Open WoojuLee24 opened 4 months ago
I tried using the SIBCL Kitti weights from SIBCL's repository, copied encoder, decoder, and adaptation weight, but didn't end up with a good result with first epoch. I checked out the provided weight contents, and it seems like it was trained for 1170365 steps, does it take as many steps to converge?
Yes, the training process can be quite slow, and sometimes there is an unexpected performance drop at a particular step. In such cases, I stop the training and restart from the last saved good weights, which helps to avoid this problem.
Hello, thank you for your work. I am reproducing PureACL and I have some questions.

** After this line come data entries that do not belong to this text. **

(* Let $\beta\in(1,3/2]$. Suppose $\omega,\omega'\in\Omega$ and $\upsilon,\upsilon'\in\Upsilon$ satisfy $\omega\prec\omega'$ and $\upsilon\prec\upsilon'$. Then for every $\vec z\in S_\beta$, $$(d_1(\omega,\upsilon,\vec z),d_2(\omega,\upsilon,\vec z),\ldots)\preceq(d_1(\omega',\upsilon',\vec z),d_2(\omega',\upsilon',\vec z),\ldots).$$
   Context: Let $\vec q_0=(0,0)$, $\vec q_1=(1,0)$, $\vec q_2=(0,1)$, $f_{\vec q_i}(\vec z)=(\vec z+\vec q_i)/\beta$, and $S_\beta$ the attractor of this IFS, which for $1<\beta\le3/2$ is the closed triangle with vertices $(0,0)$, $(\frac1{\beta-1},0)$, $(0,\frac1{\beta-1})$. Subsets of $S_\beta$: $E_0=[0,\frac1\beta)\times[0,\frac1\beta)$; $E_1=\{0\le y<\frac1\beta,\ \frac{1}{\beta(\beta-1)}<x+y\le\frac{1}{\beta-1}\}$; $E_2=\{0\le x<\frac1\beta,\ \frac{1}{\beta(\beta-1)}<x+y\le\frac{1}{\beta-1}\}$; $C_{01}=\{x\ge\frac1\beta,\ 0\le y<\frac1\beta,\ x+y\le\frac{1}{\beta(\beta-1)}\}$; $C_{12}=\{x\ge\frac1\beta,\ y\ge\frac1\beta,\ \frac{1}{\beta(\beta-1)}<x+y\le\frac{1}{\beta-1}\}$; $C_{02}=\{0\le x<\frac1\beta,\ y\ge\frac1\beta,\ x+y\le\frac{1}{\beta(\beta-1)}\}$; $C_{012}=\{x\ge\frac1\beta,\ y\ge\frac1\beta,\ x+y\le\frac{1}{\beta(\beta-1)}\}$. Let $\Omega=\{0,1\}^{\mathbb N}$, $\Upsilon=\{0,1,2\}^{\mathbb N}$, with left shifts $\sigma$, $\sigma'$. Define $K_\beta:\Omega\times\Upsilon\times S_\beta\to\Omega\times\Upsilon\times S_\beta$ by: $K_\beta(\omega,\upsilon,\vec z)=(\omega,\upsilon,\beta\vec z-\vec q_i)$ if $\vec z\in E_i$; $=(\sigma\omega,\upsilon,\beta\vec z-\vec q_i)$ if $\omega_1=0$ and $\vec z\in C_{ij}$, $ij\in\{01,12,02\}$; $=(\sigma\omega,\upsilon,\beta\vec z-\vec q_j)$ if $\omega_1=1$ and $\vec z\in C_{ij}$; $=(\omega,\sigma'\upsilon,\beta\vec z-\vec q_i)$ if $\vec z\in C_{012}$ and $\upsilon_1=i$. The digit $d_1(\omega,\upsilon,\vec z)\in\{\vec q_0,\vec q_1,\vec q_2\}$ is the vector subtracted in this definition (so the third coordinate of $K_\beta(\omega,\upsilon,\vec z)$ is $\beta\vec z-d_1$), and $d_n=d_1\circ K_\beta^{n-1}$. The relation $\prec$ ($\preceq$) denotes the (strict / non-strict) lexicographic order on $\Omega$, on $\Upsilon$, and on $\{\vec q_0,\vec q_1,\vec q_2\}^{\mathbb N}$, where in the last case symbols are ordered $\vec q_0<\vec q_1<\vec q_2$. *)

theory Defs
  imports Main "HOL.Real"
begin

(* Points of the plane are pairs of reals; sequences in Omega / Upsilon are
   functions nat => nat, with index 0 playing the role of the paper's index 1. *)

type_synonym pt = "real \<times> real"
type_synonym state = "(nat \<Rightarrow> nat) \<times> (nat \<Rightarrow> nat) \<times> pt"

definition qvec :: "nat \<Rightarrow> pt" where
  "qvec i = (if i = 0 then (0, 0) else if i = 1 then (1, 0) else (0, 1))"

(* S_beta: for 1 < beta <= 3/2, the attractor is this closed triangle *)
definition S_beta :: "real \<Rightarrow> pt set" where
  "S_beta b = {(x, y). 0 \<le> x \<and> 0 \<le> y \<and> x + y \<le> 1 / (b - 1)}"

definition E0 :: "real \<Rightarrow> pt set" where
  "E0 b = S_beta b \<inter> {(x, y). 0 \<le> x \<and> x < 1/b \<and> 0 \<le> y \<and> y < 1/b}"
definition E1 :: "real \<Rightarrow> pt set" where
  "E1 b = S_beta b \<inter> {(x, y). 0 \<le> y \<and> y < 1/b \<and> 1/(b*(b-1)) < x + y \<and> x + y \<le> 1/(b-1)}"
definition E2 :: "real \<Rightarrow> pt set" where
  "E2 b = S_beta b \<inter> {(x, y). 0 \<le> x \<and> x < 1/b \<and> 1/(b*(b-1)) < x + y \<and> x + y \<le> 1/(b-1)}"
definition C01 :: "real \<Rightarrow> pt set" where
  "C01 b = S_beta b \<inter> {(x, y). x \<ge> 1/b \<and> 0 \<le> y \<and> y < 1/b \<and> x + y \<le> 1/(b*(b-1))}"
definition C12 :: "real \<Rightarrow> pt set" where
  "C12 b = S_beta b \<inter> {(x, y). x \<ge> 1/b \<and> y \<ge> 1/b \<and> 1/(b*(b-1)) < x + y \<and> x + y \<le> 1/(b-1)}"
definition C02 :: "real \<Rightarrow> pt set" where
  "C02 b = S_beta b \<inter> {(x, y). 0 \<le> x \<and> x < 1/b \<and> y \<ge> 1/b \<and> x + y \<le> 1/(b*(b-1))}"
definition C012 :: "real \<Rightarrow> pt set" where
  "C012 b = S_beta b \<inter> {(x, y). x \<ge> 1/b \<and> y \<ge> 1/b \<and> x + y \<le> 1/(b*(b-1))}"

definition shift :: "(nat \<Rightarrow> nat) \<Rightarrow> (nat \<Rightarrow> nat)" where
  "shift w = (\<lambda>n. w (Suc n))"

definition expand :: "real \<Rightarrow> pt \<Rightarrow> nat \<Rightarrow> pt" where
  "expand b z i = (b * fst z - fst (qvec i), b * snd z - snd (qvec i))"

definition digit_idx :: "real \<Rightarrow> state \<Rightarrow> nat" where
  "digit_idx b s = (case s of (w, u, z) \<Rightarrow>
     if z \<in> E0 b then 0
     else if z \<in> E1 b then 1
     else if z \<in> E2 b then 2
     else if z \<in> C01 b then (if w 0 = 0 then 0 else 1)
     else if z \<in> C12 b then (if w 0 = 0 then 1 else 2)
     else if z \<in> C02 b then (if w 0 = 0 then 0 else 2)
     else if z \<in> C012 b then u 0
     else 0)"

(* the map K_beta (outside S_beta the value is irrelevant) *)
definition K :: "real \<Rightarrow> state \<Rightarrow> state" where
  "K b s = (case s of (w, u, z) \<Rightarrow>
     if z \<in> E0 b \<or> z \<in> E1 b \<or> z \<in> E2 b then (w, u, expand b z (digit_idx b s))
     else if z \<in> C01 b \<or> z \<in> C12 b \<or> z \<in> C02 b then (shift w, u, expand b z (digit_idx b s))
     else if z \<in> C012 b then (w, shift u, expand b z (digit_idx b s))
     else s)"

(* d_{n+1}(s) = d_1(K^n s); the paper's d_1 is "dseq b s 0" *)
definition dseq :: "real \<Rightarrow> state \<Rightarrow> nat \<Rightarrow> pt" where
  "dseq b s n = qvec (digit_idx b ((K b ^^ n) s))"

definition lex_less :: "(nat \<Rightarrow> 'a::linorder) \<Rightarrow> (nat \<Rightarrow> 'a) \<Rightarrow> bool" where
  "lex_less a c \<longleftrightarrow> (\<exists>n. (\<forall>k<n. a k = c k) \<and> a n < c n)"
definition lex_le :: "(nat \<Rightarrow> 'a::linorder) \<Rightarrow> (nat \<Rightarrow> 'a) \<Rightarrow> bool" where
  "lex_le a c \<longleftrightarrow> a = c \<or> lex_less a c"

definition digit_rank :: "pt \<Rightarrow> nat" where
  "digit_rank v = (if v = qvec 0 then 0 else if v = qvec 1 then 1 else 2)"

definition digit_lex_le :: "(nat \<Rightarrow> pt) \<Rightarrow> (nat \<Rightarrow> pt) \<Rightarrow> bool" where
  "digit_lex_le a c \<longleftrightarrow> lex_le (digit_rank \<circ> a) (digit_rank \<circ> c)"

end

theory Submission
  imports Defs
begin

(* As long as the two digit sequences agree, the two orbits of K_beta sit at the same point and
   have consumed equally many symbols of w, w' and of u, u', with equal consumed prefixes, since
   a binary symbol read in a cylinder C_ij is recovered from the digit it produces.  At the first
   differing digit the symbols being read are w k, w' k (or u m, u' m) with equal prefixes before
   them, so w k \<le> w' k, and the digit chosen in C_ij or C_012 is monotone in the symbol read. *)

lemma lex_less_prefix_le:
  fixes a c :: "nat \<Rightarrow> 'a::linorder"
  assumes "lex_less a c" and "\<forall>j<k. a j = c j"
  shows "a k \<le> c k"
proof -
  obtain n where n: "\<forall>j<n. a j = c j" "a n < c n"
    using assms(1) unfolding lex_less_def by blast
  consider "n < k" | "n = k" | "k < n" by linarith
  then show ?thesis
    by cases (use n assms(2) in auto)
qed

lemma lex_le_by_first_difference:
  fixes a c :: "nat \<Rightarrow> 'a::linorder"
  assumes "\<And>n. \<forall>j<n. a j = c j \<Longrightarrow> a n \<noteq> c n \<Longrightarrow> a n < c n"
  shows "lex_le a c"
proof (cases "a = c")
  case False
  then obtain n0 where "a n0 \<noteq> c n0" by blast
  define n where "n = (LEAST n. a n \<noteq> c n)"
  have "a n \<noteq> c n"
    unfolding n_def by (rule LeastI[of _ n0]) fact
  moreover have "\<forall>j<n. a j = c j"
    unfolding n_def using not_less_Least by blast
  ultimately show ?thesis
    using assms unfolding lex_le_def lex_less_def by blast
qed (simp add: lex_le_def)

lemma funpow_shift_apply: "(shift ^^ k) w j = w (j + k)"
  by (induction k arbitrary: j) (simp_all add: shift_def)

lemma digit_idx_le_2: "U 0 \<le> 2 \<Longrightarrow> digit_idx b (W, U, Z) \<le> 2"
  by (simp add: digit_idx_def)

lemma digit_idx_mono:
  assumes "W 0 \<le> W' 0" and "W' 0 \<le> 1" and "U 0 \<le> U' 0"
  shows "digit_idx b (W, U, Z) \<le> digit_idx b (W', U', Z)"
  using assms by (auto simp: digit_idx_def)

lemma K_step_synchronous:
  assumes "W 0 \<le> 1" and "W' 0 \<le> 1"
    and same_digit: "digit_idx b (W, U, Z) = digit_idx b (W', U', Z)"
  shows "\<exists>i j Z1. K b (W, U, Z) = ((shift ^^ i) W, (shift ^^ j) U, Z1)
    \<and> K b (W', U', Z) = ((shift ^^ i) W', (shift ^^ j) U', Z1)
    \<and> (\<forall>l<i. W l = W' l) \<and> (\<forall>l<j. U l = U' l)"
proof -
  define Z1 where "Z1 = expand b Z (digit_idx b (W, U, Z))"
  have E: "?thesis" if "Z \<in> E0 b \<or> Z \<in> E1 b \<or> Z \<in> E2 b"
    using that same_digit unfolding K_def
    by (intro exI[of _ 0] exI[of _ 0] exI[of _ Z1]) (simp add: Z1_def)
  have C: "?thesis" if "\<not> (Z \<in> E0 b \<or> Z \<in> E1 b \<or> Z \<in> E2 b)"
    "Z \<in> C01 b \<or> Z \<in> C12 b \<or> Z \<in> C02 b"
  proof -
    have "(W 0 = 0) = (W' 0 = 0)"
      using that same_digit
      by (cases "Z \<in> C01 b"; cases "Z \<in> C12 b"; simp add: digit_idx_def split: if_splits)
    then have "W 0 = W' 0"
      using assms(1,2) by linarith
    then show ?thesis
      using that same_digit unfolding K_def
      by (intro exI[of _ 1] exI[of _ 0] exI[of _ Z1]) (simp add: Z1_def)
  qed
  have C012: "?thesis" if "\<not> (Z \<in> E0 b \<or> Z \<in> E1 b \<or> Z \<in> E2 b)"
    "\<not> (Z \<in> C01 b \<or> Z \<in> C12 b \<or> Z \<in> C02 b)" "Z \<in> C012 b"
  proof -
    have "U 0 = U' 0"
      using that same_digit unfolding digit_idx_def by simp
    then show ?thesis
      using that same_digit unfolding K_def
      by (intro exI[of _ 0] exI[of _ 1] exI[of _ Z1]) (simp add: Z1_def)
  qed
  have outside: "?thesis" if "\<not> (Z \<in> E0 b \<or> Z \<in> E1 b \<or> Z \<in> E2 b)"
    "\<not> (Z \<in> C01 b \<or> Z \<in> C12 b \<or> Z \<in> C02 b)" "Z \<notin> C012 b"
    using that unfolding K_def by (intro exI[of _ 0] exI[of _ 0] exI[of _ Z]) simp
  show ?thesis
    using E C C012 outside by blast
qed

lemma prefix_agree_shift:
  assumes "\<forall>l<k. w l = w' l" and "\<forall>l<i. (shift ^^ k) w l = (shift ^^ k) w' l"
  shows "\<forall>l<i + k. w l = w' l"
proof (intro allI impI)
  fix l
  assume "l < i + k"
  show "w l = w' l"
  proof (cases "l < k")
    case False
    then have "l = (l - k) + k" and "l - k < i"
      using \<open>l < i + k\<close> by simp_all
    then show ?thesis
      using assms(2) by (metis funpow_shift_apply)
  qed (use assms(1) in blast)
qed

lemma K_iter_synchronous:
  assumes "\<forall>l. w l \<le> 1" and "\<forall>l. w' l \<le> 1"
    and "\<forall>j<n. digit_idx b ((K b ^^ j) (w, u, z)) = digit_idx b ((K b ^^ j) (w', u', z))"
  shows "\<exists>k m Z. (K b ^^ n) (w, u, z) = ((shift ^^ k) w, (shift ^^ m) u, Z)
    \<and> (K b ^^ n) (w', u', z) = ((shift ^^ k) w', (shift ^^ m) u', Z)
    \<and> (\<forall>l<k. w l = w' l) \<and> (\<forall>l<m. u l = u' l)"
  using assms(3)
proof (induction n)
  case 0
  show ?case
    by (intro exI[of _ 0] exI[of _ 0] exI[of _ z]) simp
next
  case (Suc n)
  then obtain k m Z where
    orbit: "(K b ^^ n) (w, u, z) = ((shift ^^ k) w, (shift ^^ m) u, Z)"
      "(K b ^^ n) (w', u', z) = ((shift ^^ k) w', (shift ^^ m) u', Z)"
    and prefix: "\<forall>l<k. w l = w' l" "\<forall>l<m. u l = u' l"
    by auto
  have "digit_idx b ((shift ^^ k) w, (shift ^^ m) u, Z)
      = digit_idx b ((shift ^^ k) w', (shift ^^ m) u', Z)"
    using Suc.prems orbit by (metis lessI)
  moreover have "(shift ^^ k) w 0 \<le> 1" "(shift ^^ k) w' 0 \<le> 1"
    using assms(1,2) by (simp_all add: funpow_shift_apply)
  ultimately obtain i j Z1 where
    step: "K b ((shift ^^ k) w, (shift ^^ m) u, Z)
        = ((shift ^^ i) ((shift ^^ k) w), (shift ^^ j) ((shift ^^ m) u), Z1)"
      "K b ((shift ^^ k) w', (shift ^^ m) u', Z)
        = ((shift ^^ i) ((shift ^^ k) w'), (shift ^^ j) ((shift ^^ m) u'), Z1)"
    and read: "\<forall>l<i. (shift ^^ k) w l = (shift ^^ k) w' l"
      "\<forall>l<j. (shift ^^ m) u l = (shift ^^ m) u' l"
    using K_step_synchronous by blast
  show ?case
  proof (intro exI conjI)
    show "(K b ^^ Suc n) (w, u, z) = ((shift ^^ (i + k)) w, (shift ^^ (j + m)) u, Z1)"
      "(K b ^^ Suc n) (w', u', z) = ((shift ^^ (i + k)) w', (shift ^^ (j + m)) u', Z1)"
      using orbit step by (simp_all add: funpow_add)
    show "\<forall>l<i + k. w l = w' l" "\<forall>l<j + m. u l = u' l"
      using prefix_agree_shift prefix read by blast+
  qed
qed

lemma digit_rank_qvec: "i \<le> 2 \<Longrightarrow> digit_rank (qvec i) = i"
  by (simp add: digit_rank_def qvec_def)

lemma K_preserves_ternary:
  assumes "\<forall>l. U l \<le> 2"
  shows "\<forall>l. fst (snd (K b (W, U, Z))) l \<le> 2"
  using assms by (simp add: K_def shift_def)

lemma K_iter_digit_idx_le_2:
  assumes "\<forall>l. u l \<le> 2"
  shows "digit_idx b ((K b ^^ n) (w, u, z)) \<le> 2"
proof -
  have "\<forall>l. fst (snd ((K b ^^ n) (w, u, z))) l \<le> 2"
  proof (induction n)
    case (Suc n)
    obtain W U Z where orbit: "(K b ^^ n) (w, u, z) = (W, U, Z)"
      by (rule prod_cases3)
    show ?case
      using K_preserves_ternary Suc.IH by (simp add: orbit)
  qed (use assms in simp)
  then show ?thesis
    by (metis digit_idx_le_2 prod.collapse)
qed

lemma digit_rank_dseq:
  assumes "\<forall>l. u l \<le> 2"
  shows "digit_rank \<circ> dseq b (w, u, z) = (\<lambda>n. digit_idx b ((K b ^^ n) (w, u, z)))"
  using assms by (simp add: fun_eq_iff dseq_def digit_rank_qvec K_iter_digit_idx_le_2)

lemma digit_idx_first_difference_less:
  assumes "\<forall>l. w l \<le> 1" and "\<forall>l. w' l \<le> 1"
    and "lex_less w w'" and "lex_less u u'"
    and "\<forall>j<n. digit_idx b ((K b ^^ j) (w, u, z)) = digit_idx b ((K b ^^ j) (w', u', z))"
    and "digit_idx b ((K b ^^ n) (w, u, z)) \<noteq> digit_idx b ((K b ^^ n) (w', u', z))"
  shows "digit_idx b ((K b ^^ n) (w, u, z)) < digit_idx b ((K b ^^ n) (w', u', z))"
proof -
  obtain k m Z where
    orbit: "(K b ^^ n) (w, u, z) = ((shift ^^ k) w, (shift ^^ m) u, Z)"
      "(K b ^^ n) (w', u', z) = ((shift ^^ k) w', (shift ^^ m) u', Z)"
    and prefix: "\<forall>l<k. w l = w' l" "\<forall>l<m. u l = u' l"
    using K_iter_synchronous[OF assms(1,2,5)] by blast
  have "w k \<le> w' k" "u m \<le> u' m"
    using lex_less_prefix_le assms(3,4) prefix by blast+
  then have "digit_idx b ((K b ^^ n) (w, u, z)) \<le> digit_idx b ((K b ^^ n) (w', u', z))"
    unfolding orbit using assms(2) by (intro digit_idx_mono) (simp_all add: funpow_shift_apply)
  with assms(6) show ?thesis
    by simp
qed

theorem theorem4p1:
  fixes b :: real and w w' u u' :: "nat \<Rightarrow> nat" and z :: pt
  assumes "1 < b" and "b \<le> 3/2"
    and "\<forall>n. w n \<in> {0, 1}" and "\<forall>n. w' n \<in> {0, 1}"
    and "\<forall>n. u n \<in> {0, 1, 2}" and "\<forall>n. u' n \<in> {0, 1, 2}"
    and "lex_less w w'" and "lex_less u u'"
    and "z \<in> S_beta b"
  shows "digit_lex_le (dseq b (w, u, z)) (dseq b (w', u', z))"
proof -
  have binary: "\<forall>l. w l \<le> 1" "\<forall>l. w' l \<le> 1"
    using assms(3,4) by (metis empty_iff insert_iff le_numeral_extra(4) zero_le)+
  have ternary: "\<forall>l. u l \<le> 2" "\<forall>l. u' l \<le> 2"
    using assms(5,6) by (metis empty_iff insert_iff one_le_numeral order_refl zero_le)+
  have "lex_le (\<lambda>n. digit_idx b ((K b ^^ n) (w, u, z)))
      (\<lambda>n. digit_idx b ((K b ^^ n) (w', u', z)))"
    using digit_idx_first_difference_less[OF binary assms(7,8)]
    by (intro lex_le_by_first_difference) blast
  then show ?thesis
    unfolding digit_lex_le_def using ternary by (simp add: digit_rank_dseq)
qed

end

GPU memory I experimented on the RTX A5000 (24G) with the default setting: batch size 3, Adam optimizer with a learning rate of 10^(-4) But, the GPU memory is exceeded even with a batch size of 2. The GPU memory fluctuates from 14G to over 24G. I am curious about how the batch size was set. (For example, whether Distributed Data-Parallel (DDP) was used or not, 3 GPUs were used with a batch size of 1 per GPU..)
In the paper, The feature extractor weights of PureACL were initialized with the pre-trained weights from SIBCL. Could you provide the experimental results of PureACL without pre-trained weights of SIBCL?
Thank you!